Your objective: Let the line containing "(\<Sum>a<d. \<Sum>a'<d. if" serve as the first line of the answer and the final line of the entries as its last, with every line between copied exactly.

Excerpted records:
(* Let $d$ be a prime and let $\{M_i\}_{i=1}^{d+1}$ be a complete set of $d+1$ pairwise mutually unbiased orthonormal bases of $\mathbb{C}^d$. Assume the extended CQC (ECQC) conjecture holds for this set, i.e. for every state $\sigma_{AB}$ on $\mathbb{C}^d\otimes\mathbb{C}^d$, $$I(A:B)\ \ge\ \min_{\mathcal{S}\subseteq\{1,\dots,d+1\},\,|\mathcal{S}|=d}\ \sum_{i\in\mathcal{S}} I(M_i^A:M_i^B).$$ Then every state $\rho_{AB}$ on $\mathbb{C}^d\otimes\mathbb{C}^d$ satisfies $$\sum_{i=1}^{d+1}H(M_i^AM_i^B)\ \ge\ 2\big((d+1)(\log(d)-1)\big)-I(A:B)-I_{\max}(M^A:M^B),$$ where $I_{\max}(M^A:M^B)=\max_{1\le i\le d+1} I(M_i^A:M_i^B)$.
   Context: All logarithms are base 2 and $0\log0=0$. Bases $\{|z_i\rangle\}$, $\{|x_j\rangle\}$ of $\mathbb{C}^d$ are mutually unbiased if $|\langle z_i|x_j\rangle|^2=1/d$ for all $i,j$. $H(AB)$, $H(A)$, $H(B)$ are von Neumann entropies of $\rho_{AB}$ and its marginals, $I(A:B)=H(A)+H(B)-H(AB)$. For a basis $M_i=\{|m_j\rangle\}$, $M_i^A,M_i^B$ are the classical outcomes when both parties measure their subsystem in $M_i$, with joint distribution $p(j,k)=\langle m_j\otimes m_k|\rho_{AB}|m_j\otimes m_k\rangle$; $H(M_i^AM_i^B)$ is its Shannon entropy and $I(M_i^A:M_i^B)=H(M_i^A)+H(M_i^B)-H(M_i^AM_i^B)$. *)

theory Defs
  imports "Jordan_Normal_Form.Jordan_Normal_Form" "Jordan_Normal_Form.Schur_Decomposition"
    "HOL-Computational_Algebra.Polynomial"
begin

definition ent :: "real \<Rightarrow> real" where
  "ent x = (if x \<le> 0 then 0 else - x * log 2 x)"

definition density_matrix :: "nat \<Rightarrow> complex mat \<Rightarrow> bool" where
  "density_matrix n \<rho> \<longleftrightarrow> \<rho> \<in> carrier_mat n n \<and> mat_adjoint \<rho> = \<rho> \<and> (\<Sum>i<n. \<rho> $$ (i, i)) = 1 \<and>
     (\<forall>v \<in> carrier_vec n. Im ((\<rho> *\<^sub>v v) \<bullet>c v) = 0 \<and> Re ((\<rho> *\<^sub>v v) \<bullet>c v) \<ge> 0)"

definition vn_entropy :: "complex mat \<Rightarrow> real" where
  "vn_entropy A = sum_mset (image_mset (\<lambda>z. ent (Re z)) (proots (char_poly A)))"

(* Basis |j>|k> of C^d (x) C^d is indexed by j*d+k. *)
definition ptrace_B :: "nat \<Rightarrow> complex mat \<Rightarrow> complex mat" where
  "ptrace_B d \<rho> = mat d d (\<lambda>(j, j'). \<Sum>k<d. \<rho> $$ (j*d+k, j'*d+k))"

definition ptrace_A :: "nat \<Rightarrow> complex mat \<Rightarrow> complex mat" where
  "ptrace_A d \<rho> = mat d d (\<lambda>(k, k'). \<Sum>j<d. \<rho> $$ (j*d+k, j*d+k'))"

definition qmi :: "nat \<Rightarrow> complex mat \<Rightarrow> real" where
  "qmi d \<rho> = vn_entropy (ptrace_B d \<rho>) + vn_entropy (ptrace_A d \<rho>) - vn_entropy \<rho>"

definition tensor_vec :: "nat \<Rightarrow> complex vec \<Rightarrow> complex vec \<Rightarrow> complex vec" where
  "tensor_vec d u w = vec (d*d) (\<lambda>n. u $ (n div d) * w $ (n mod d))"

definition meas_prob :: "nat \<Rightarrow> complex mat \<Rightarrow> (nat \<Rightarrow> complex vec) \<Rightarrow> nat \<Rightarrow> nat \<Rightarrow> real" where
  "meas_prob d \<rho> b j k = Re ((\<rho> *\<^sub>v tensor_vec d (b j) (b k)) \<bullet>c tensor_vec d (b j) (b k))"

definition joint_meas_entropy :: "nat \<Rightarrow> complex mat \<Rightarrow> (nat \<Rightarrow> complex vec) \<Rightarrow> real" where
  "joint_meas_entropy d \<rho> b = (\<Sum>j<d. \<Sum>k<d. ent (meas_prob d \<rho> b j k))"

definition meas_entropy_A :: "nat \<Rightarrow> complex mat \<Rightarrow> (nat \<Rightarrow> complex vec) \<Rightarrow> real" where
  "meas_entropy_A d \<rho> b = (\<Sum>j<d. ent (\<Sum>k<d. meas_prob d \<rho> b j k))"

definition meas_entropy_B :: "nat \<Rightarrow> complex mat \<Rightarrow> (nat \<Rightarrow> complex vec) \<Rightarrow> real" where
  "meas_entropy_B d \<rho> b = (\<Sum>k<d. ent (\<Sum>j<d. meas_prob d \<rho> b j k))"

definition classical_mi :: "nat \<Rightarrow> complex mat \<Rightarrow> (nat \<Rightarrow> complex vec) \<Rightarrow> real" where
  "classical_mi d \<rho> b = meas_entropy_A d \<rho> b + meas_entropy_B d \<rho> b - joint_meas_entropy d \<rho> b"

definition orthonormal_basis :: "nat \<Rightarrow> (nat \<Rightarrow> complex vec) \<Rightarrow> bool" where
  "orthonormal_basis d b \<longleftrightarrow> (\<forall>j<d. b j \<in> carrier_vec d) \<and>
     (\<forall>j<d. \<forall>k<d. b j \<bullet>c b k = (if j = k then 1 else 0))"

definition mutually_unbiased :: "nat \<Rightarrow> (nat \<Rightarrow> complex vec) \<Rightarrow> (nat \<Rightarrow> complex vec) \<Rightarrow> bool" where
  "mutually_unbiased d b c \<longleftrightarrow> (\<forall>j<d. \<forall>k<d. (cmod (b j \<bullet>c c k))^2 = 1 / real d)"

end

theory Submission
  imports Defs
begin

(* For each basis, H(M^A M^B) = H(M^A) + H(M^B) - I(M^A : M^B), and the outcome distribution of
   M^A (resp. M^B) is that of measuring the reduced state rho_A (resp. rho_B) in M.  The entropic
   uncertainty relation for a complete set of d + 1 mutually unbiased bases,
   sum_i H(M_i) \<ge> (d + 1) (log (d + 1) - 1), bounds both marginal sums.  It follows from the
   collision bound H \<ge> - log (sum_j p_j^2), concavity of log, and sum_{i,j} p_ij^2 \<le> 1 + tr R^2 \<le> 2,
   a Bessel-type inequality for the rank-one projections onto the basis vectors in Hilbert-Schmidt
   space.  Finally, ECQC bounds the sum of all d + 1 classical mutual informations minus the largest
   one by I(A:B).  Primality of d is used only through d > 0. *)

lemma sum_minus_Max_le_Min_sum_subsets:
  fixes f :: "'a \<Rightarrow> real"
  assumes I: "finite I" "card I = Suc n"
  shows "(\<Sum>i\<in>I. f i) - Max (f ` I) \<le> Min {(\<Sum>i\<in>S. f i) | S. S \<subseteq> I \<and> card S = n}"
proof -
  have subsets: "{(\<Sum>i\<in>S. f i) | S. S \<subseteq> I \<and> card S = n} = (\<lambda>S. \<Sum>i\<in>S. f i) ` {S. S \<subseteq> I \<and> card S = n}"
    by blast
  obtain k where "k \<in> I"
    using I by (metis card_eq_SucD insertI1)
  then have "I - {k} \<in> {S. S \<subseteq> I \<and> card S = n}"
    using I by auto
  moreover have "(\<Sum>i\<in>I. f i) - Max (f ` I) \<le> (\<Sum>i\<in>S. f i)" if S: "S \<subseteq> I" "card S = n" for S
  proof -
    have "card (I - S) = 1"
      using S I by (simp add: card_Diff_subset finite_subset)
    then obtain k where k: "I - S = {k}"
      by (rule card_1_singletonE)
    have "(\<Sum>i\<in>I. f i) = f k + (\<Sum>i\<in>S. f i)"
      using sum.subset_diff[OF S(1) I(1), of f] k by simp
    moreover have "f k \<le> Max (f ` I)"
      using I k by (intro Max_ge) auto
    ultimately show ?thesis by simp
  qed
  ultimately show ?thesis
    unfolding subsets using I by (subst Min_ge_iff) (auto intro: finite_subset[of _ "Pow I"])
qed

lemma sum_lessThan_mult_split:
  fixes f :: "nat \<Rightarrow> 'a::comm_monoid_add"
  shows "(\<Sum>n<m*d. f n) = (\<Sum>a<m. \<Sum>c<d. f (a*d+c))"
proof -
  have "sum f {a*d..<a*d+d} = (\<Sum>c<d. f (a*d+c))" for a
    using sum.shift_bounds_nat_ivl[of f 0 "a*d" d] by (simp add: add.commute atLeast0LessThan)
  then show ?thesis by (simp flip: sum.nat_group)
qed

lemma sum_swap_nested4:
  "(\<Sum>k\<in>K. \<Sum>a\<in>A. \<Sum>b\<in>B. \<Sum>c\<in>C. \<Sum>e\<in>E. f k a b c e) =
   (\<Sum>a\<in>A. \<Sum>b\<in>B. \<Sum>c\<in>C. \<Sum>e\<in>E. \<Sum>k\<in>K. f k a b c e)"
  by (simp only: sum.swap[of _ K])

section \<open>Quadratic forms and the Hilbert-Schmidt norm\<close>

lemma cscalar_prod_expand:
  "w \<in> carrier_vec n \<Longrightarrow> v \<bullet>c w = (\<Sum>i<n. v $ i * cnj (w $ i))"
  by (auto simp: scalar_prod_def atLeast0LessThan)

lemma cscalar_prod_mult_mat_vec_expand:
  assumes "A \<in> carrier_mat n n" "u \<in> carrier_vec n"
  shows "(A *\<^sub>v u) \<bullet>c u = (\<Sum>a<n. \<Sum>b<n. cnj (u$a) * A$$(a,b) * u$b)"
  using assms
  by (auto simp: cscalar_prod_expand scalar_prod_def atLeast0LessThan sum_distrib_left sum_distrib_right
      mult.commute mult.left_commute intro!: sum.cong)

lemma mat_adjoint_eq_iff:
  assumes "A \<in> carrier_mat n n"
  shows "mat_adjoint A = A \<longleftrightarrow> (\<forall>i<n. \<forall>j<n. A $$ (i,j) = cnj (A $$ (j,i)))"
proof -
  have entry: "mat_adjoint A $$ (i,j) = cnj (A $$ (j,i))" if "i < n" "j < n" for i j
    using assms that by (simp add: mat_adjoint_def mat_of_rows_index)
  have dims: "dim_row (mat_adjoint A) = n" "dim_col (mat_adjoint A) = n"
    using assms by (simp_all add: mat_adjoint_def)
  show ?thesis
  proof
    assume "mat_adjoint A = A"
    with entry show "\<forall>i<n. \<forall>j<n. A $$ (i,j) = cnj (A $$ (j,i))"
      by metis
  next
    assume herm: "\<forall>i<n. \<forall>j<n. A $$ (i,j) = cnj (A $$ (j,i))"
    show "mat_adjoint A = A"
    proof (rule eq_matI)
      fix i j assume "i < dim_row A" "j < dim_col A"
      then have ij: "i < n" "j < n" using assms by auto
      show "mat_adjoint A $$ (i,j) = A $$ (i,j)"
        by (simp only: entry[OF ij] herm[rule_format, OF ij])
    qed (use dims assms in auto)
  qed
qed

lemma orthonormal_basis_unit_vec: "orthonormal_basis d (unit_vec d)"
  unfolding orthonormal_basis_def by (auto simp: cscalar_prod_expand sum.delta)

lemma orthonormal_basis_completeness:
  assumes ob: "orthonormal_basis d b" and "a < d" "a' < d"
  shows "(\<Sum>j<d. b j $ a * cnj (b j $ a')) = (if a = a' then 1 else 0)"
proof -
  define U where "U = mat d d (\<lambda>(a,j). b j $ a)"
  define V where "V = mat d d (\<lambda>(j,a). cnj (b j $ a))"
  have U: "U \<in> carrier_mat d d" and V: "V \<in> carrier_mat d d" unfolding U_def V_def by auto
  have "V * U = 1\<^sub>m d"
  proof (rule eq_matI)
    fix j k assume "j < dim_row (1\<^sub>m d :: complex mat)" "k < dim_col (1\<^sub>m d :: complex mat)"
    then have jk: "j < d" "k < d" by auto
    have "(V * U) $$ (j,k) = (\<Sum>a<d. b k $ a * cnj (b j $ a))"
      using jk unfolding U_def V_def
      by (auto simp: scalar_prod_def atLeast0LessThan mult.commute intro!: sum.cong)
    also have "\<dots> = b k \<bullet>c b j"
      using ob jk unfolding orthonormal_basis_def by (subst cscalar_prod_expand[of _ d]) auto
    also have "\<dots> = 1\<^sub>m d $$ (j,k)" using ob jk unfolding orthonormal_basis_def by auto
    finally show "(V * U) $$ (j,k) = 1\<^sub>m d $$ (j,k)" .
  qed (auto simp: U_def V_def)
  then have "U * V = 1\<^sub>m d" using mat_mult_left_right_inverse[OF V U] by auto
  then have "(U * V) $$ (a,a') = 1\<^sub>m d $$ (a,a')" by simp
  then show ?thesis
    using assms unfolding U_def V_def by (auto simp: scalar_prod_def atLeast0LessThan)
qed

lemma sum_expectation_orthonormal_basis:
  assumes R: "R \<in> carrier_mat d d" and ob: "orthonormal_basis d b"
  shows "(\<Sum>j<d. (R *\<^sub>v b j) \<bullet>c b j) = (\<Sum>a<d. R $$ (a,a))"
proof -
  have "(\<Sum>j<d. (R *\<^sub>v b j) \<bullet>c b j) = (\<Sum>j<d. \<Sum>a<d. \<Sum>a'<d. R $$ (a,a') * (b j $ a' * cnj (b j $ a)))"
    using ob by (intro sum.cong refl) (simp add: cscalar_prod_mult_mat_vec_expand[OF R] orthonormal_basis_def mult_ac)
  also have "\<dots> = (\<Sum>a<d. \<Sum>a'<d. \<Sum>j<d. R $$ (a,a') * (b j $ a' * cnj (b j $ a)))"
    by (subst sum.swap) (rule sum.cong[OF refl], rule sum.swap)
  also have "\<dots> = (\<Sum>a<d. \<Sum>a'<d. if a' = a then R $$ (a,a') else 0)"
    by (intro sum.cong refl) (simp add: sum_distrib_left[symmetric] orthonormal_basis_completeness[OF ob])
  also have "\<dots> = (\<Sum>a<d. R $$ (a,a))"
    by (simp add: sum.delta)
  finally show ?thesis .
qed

Task result:
  also have "\<dots> = (\<Sum>a<d. \<Sum>a'<d. if a' = a then R $$ (a,a') else 0)"
    by (intro sum.cong refl) (simp add: sum_distrib_left[symmetric] orthonormal_basis_completeness[OF ob])
  also have "\<dots> = (\<Sum>a<d. R $$ (a,a))"
    by (simp add: sum.delta)
  finally show ?thesis .
qed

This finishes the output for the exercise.